▸ **YOUR TASK**: Please write out the data below once more, exactly as it stands.

▸ **SUPPLIED MATERIAL**:
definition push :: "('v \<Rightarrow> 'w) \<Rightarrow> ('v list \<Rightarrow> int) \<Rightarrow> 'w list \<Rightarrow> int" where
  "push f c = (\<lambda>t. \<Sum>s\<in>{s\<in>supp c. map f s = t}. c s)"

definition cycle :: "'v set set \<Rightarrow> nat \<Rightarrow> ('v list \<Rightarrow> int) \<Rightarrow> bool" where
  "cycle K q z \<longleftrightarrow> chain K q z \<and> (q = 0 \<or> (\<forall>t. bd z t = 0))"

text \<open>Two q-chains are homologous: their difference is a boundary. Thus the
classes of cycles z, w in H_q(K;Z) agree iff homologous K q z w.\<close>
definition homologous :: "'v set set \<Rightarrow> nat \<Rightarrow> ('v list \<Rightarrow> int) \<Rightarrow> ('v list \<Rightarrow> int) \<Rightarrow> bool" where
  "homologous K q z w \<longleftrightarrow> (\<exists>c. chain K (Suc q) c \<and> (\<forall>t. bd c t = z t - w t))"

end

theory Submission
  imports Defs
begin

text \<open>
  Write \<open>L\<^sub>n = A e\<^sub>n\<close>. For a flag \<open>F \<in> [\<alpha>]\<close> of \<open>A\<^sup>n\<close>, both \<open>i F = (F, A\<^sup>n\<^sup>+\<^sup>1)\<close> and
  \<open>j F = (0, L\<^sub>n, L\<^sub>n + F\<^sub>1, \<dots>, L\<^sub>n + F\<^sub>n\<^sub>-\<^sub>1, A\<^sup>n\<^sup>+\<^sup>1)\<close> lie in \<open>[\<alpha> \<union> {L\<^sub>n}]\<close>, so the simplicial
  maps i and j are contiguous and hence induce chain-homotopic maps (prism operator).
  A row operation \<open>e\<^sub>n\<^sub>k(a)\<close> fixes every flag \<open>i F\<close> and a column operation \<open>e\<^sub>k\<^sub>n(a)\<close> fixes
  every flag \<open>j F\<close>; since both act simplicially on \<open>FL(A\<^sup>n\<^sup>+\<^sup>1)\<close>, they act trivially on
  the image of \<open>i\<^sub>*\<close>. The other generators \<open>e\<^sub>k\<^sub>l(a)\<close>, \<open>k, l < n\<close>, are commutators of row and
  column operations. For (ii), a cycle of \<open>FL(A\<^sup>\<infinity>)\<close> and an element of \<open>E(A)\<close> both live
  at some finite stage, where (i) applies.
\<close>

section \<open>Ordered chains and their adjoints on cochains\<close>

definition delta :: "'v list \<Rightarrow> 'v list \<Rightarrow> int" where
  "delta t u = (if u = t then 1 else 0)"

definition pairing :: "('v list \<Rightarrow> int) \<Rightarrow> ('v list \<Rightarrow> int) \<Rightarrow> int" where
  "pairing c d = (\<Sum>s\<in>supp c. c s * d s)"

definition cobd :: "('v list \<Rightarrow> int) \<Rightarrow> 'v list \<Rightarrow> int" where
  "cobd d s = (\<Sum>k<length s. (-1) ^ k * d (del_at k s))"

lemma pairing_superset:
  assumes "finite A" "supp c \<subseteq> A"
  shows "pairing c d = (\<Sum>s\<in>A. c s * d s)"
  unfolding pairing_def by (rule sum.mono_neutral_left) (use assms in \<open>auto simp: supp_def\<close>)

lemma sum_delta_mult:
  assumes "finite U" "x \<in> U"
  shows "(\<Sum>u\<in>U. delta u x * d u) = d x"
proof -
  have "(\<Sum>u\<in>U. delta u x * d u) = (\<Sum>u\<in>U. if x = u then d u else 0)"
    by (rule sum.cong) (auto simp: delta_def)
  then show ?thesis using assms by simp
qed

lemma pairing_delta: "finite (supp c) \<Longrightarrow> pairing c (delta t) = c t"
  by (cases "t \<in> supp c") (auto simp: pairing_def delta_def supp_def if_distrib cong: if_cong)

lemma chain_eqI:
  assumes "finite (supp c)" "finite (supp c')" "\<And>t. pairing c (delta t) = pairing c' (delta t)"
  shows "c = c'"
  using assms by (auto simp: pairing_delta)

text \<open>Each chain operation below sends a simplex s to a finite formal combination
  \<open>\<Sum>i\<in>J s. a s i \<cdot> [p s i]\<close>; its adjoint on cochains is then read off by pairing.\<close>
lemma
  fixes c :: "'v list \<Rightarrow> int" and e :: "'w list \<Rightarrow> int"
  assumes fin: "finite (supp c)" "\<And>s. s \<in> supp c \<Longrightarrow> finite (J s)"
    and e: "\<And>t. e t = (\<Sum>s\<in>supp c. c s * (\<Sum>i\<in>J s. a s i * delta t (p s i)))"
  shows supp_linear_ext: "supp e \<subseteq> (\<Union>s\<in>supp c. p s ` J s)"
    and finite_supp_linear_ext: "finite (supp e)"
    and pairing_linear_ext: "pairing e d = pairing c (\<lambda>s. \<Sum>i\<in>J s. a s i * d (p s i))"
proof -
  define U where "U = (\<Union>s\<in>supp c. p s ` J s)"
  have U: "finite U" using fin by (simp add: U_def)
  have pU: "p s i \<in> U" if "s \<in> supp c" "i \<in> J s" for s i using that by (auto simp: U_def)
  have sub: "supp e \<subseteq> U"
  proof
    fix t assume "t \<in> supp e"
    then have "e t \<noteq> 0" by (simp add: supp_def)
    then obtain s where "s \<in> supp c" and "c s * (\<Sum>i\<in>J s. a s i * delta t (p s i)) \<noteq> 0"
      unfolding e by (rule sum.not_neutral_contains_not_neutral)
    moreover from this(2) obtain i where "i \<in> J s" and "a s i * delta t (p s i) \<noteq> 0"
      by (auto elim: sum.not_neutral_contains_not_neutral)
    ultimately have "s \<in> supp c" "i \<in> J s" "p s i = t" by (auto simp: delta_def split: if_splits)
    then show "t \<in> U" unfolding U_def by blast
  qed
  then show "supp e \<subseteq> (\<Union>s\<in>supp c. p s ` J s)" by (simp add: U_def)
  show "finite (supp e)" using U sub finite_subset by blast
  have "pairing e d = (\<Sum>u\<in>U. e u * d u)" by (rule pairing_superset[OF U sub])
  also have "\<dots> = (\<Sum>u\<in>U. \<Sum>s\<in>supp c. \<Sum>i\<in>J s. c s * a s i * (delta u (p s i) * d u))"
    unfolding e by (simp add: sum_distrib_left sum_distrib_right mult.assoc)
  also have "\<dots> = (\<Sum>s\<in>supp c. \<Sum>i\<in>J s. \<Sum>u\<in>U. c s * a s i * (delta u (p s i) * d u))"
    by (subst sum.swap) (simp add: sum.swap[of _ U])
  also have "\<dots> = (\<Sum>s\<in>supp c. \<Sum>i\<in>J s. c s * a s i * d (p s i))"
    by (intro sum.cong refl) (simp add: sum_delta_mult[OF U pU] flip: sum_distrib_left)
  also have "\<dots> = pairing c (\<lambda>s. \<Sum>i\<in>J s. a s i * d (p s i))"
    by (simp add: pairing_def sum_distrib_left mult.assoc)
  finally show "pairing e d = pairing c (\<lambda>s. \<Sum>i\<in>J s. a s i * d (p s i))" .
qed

▸ **REPLY TO THE EXERCISE**:
definition push :: "('v \<Rightarrow> 'w) \<Rightarrow> ('v list \<Rightarrow> int) \<Rightarrow> 'w list \<Rightarrow> int" where
  "push f c = (\<lambda>t. \<Sum>s\<in>{s\<in>supp c. map f s = t}. c s)"

definition cycle :: "'v set set \<Rightarrow> nat \<Rightarrow> ('v list \<Rightarrow> int) \<Rightarrow> bool" where
  "cycle K q z \<longleftrightarrow> chain K q z \<and> (q = 0 \<or> (\<forall>t. bd z t = 0))"

text \<open>Two q-chains are homologous: their difference is a boundary. Thus the
classes of cycles z, w in H_q(K;Z) agree iff homologous K q z w.\<close>
definition homologous :: "'v set set \<Rightarrow> nat \<Rightarrow> ('v list \<Rightarrow> int) \<Rightarrow> ('v list \<Rightarrow> int) \<Rightarrow> bool" where
  "homologous K q z w \<longleftrightarrow> (\<exists>c. chain K (Suc q) c \<and> (\<forall>t. bd c t = z t - w t))"

end

theory Submission
  imports Defs
begin

text \<open>
  Write \<open>L\<^sub>n = A e\<^sub>n\<close>. For a flag \<open>F \<in> [\<alpha>]\<close> of \<open>A\<^sup>n\<close>, both \<open>i F = (F, A\<^sup>n\<^sup>+\<^sup>1)\<close> and
  \<open>j F = (0, L\<^sub>n, L\<^sub>n + F\<^sub>1, \<dots>, L\<^sub>n + F\<^sub>n\<^sub>-\<^sub>1, A\<^sup>n\<^sup>+\<^sup>1)\<close> lie in \<open>[\<alpha> \<union> {L\<^sub>n}]\<close>, so the simplicial
  maps i and j are contiguous and hence induce chain-homotopic maps (prism operator).
  A row operation \<open>e\<^sub>n\<^sub>k(a)\<close> fixes every flag \<open>i F\<close> and a column operation \<open>e\<^sub>k\<^sub>n(a)\<close> fixes
  every flag \<open>j F\<close>; since both act simplicially on \<open>FL(A\<^sup>n\<^sup>+\<^sup>1)\<close>, they act trivially on
  the image of \<open>i\<^sub>*\<close>. The other generators \<open>e\<^sub>k\<^sub>l(a)\<close>, \<open>k, l < n\<close>, are commutators of row and
  column operations. For (ii), a cycle of \<open>FL(A\<^sup>\<infinity>)\<close> and an element of \<open>E(A)\<close> both live
  at some finite stage, where (i) applies.
\<close>

section \<open>Ordered chains and their adjoints on cochains\<close>

definition delta :: "'v list \<Rightarrow> 'v list \<Rightarrow> int" where
  "delta t u = (if u = t then 1 else 0)"

definition pairing :: "('v list \<Rightarrow> int) \<Rightarrow> ('v list \<Rightarrow> int) \<Rightarrow> int" where
  "pairing c d = (\<Sum>s\<in>supp c. c s * d s)"

definition cobd :: "('v list \<Rightarrow> int) \<Rightarrow> 'v list \<Rightarrow> int" where
  "cobd d s = (\<Sum>k<length s. (-1) ^ k * d (del_at k s))"

lemma pairing_superset:
  assumes "finite A" "supp c \<subseteq> A"
  shows "pairing c d = (\<Sum>s\<in>A. c s * d s)"
  unfolding pairing_def by (rule sum.mono_neutral_left) (use assms in \<open>auto simp: supp_def\<close>)

lemma sum_delta_mult:
  assumes "finite U" "x \<in> U"
  shows "(\<Sum>u\<in>U. delta u x * d u) = d x"
proof -
  have "(\<Sum>u\<in>U. delta u x * d u) = (\<Sum>u\<in>U. if x = u then d u else 0)"
    by (rule sum.cong) (auto simp: delta_def)
  then show ?thesis using assms by simp
qed

lemma pairing_delta: "finite (supp c) \<Longrightarrow> pairing c (delta t) = c t"
  by (cases "t \<in> supp c") (auto simp: pairing_def delta_def supp_def if_distrib cong: if_cong)

lemma chain_eqI:
  assumes "finite (supp c)" "finite (supp c')" "\<And>t. pairing c (delta t) = pairing c' (delta t)"
  shows "c = c'"
  using assms by (auto simp: pairing_delta)

text \<open>Each chain operation below sends a simplex s to a finite formal combination
  \<open>\<Sum>i\<in>J s. a s i \<cdot> [p s i]\<close>; its adjoint on cochains is then read off by pairing.\<close>
lemma
  fixes c :: "'v list \<Rightarrow> int" and e :: "'w list \<Rightarrow> int"
  assumes fin: "finite (supp c)" "\<And>s. s \<in> supp c \<Longrightarrow> finite (J s)"
    and e: "\<And>t. e t = (\<Sum>s\<in>supp c. c s * (\<Sum>i\<in>J s. a s i * delta t (p s i)))"
  shows supp_linear_ext: "supp e \<subseteq> (\<Union>s\<in>supp c. p s ` J s)"
    and finite_supp_linear_ext: "finite (supp e)"
    and pairing_linear_ext: "pairing e d = pairing c (\<lambda>s. \<Sum>i\<in>J s. a s i * d (p s i))"
proof -
  define U where "U = (\<Union>s\<in>supp c. p s ` J s)"
  have U: "finite U" using fin by (simp add: U_def)
  have pU: "p s i \<in> U" if "s \<in> supp c" "i \<in> J s" for s i using that by (auto simp: U_def)
  have sub: "supp e \<subseteq> U"
  proof
    fix t assume "t \<in> supp e"
    then have "e t \<noteq> 0" by (simp add: supp_def)
    then obtain s where "s \<in> supp c" and "c s * (\<Sum>i\<in>J s. a s i * delta t (p s i)) \<noteq> 0"
      unfolding e by (rule sum.not_neutral_contains_not_neutral)
    moreover from this(2) obtain i where "i \<in> J s" and "a s i * delta t (p s i) \<noteq> 0"
      by (auto elim: sum.not_neutral_contains_not_neutral)
    ultimately have "s \<in> supp c" "i \<in> J s" "p s i = t" by (auto simp: delta_def split: if_splits)
    then show "t \<in> U" unfolding U_def by blast
  qed
  then show "supp e \<subseteq> (\<Union>s\<in>supp c. p s ` J s)" by (simp add: U_def)
  show "finite (supp e)" using U sub finite_subset by blast
  have "pairing e d = (\<Sum>u\<in>U. e u * d u)" by (rule pairing_superset[OF U sub])
  also have "\<dots> = (\<Sum>u\<in>U. \<Sum>s\<in>supp c. \<Sum>i\<in>J s. c s * a s i * (delta u (p s i) * d u))"
    unfolding e by (simp add: sum_distrib_left sum_distrib_right mult.assoc)
  also have "\<dots> = (\<Sum>s\<in>supp c. \<Sum>i\<in>J s. \<Sum>u\<in>U. c s * a s i * (delta u (p s i) * d u))"
    by (subst sum.swap) (simp add: sum.swap[of _ U])
  also have "\<dots> = (\<Sum>s\<in>supp c. \<Sum>i\<in>J s. c s * a s i * d (p s i))"
    by (intro sum.cong refl) (simp add: sum_delta_mult[OF U pU] flip: sum_distrib_left)
  also have "\<dots> = pairing c (\<lambda>s. \<Sum>i\<in>J s. a s i * d (p s i))"
    by (simp add: pairing_def sum_distrib_left mult.assoc)
  finally show "pairing e d = pairing c (\<lambda>s. \<Sum>i\<in>J s. a s i * d (p s i))" .
qed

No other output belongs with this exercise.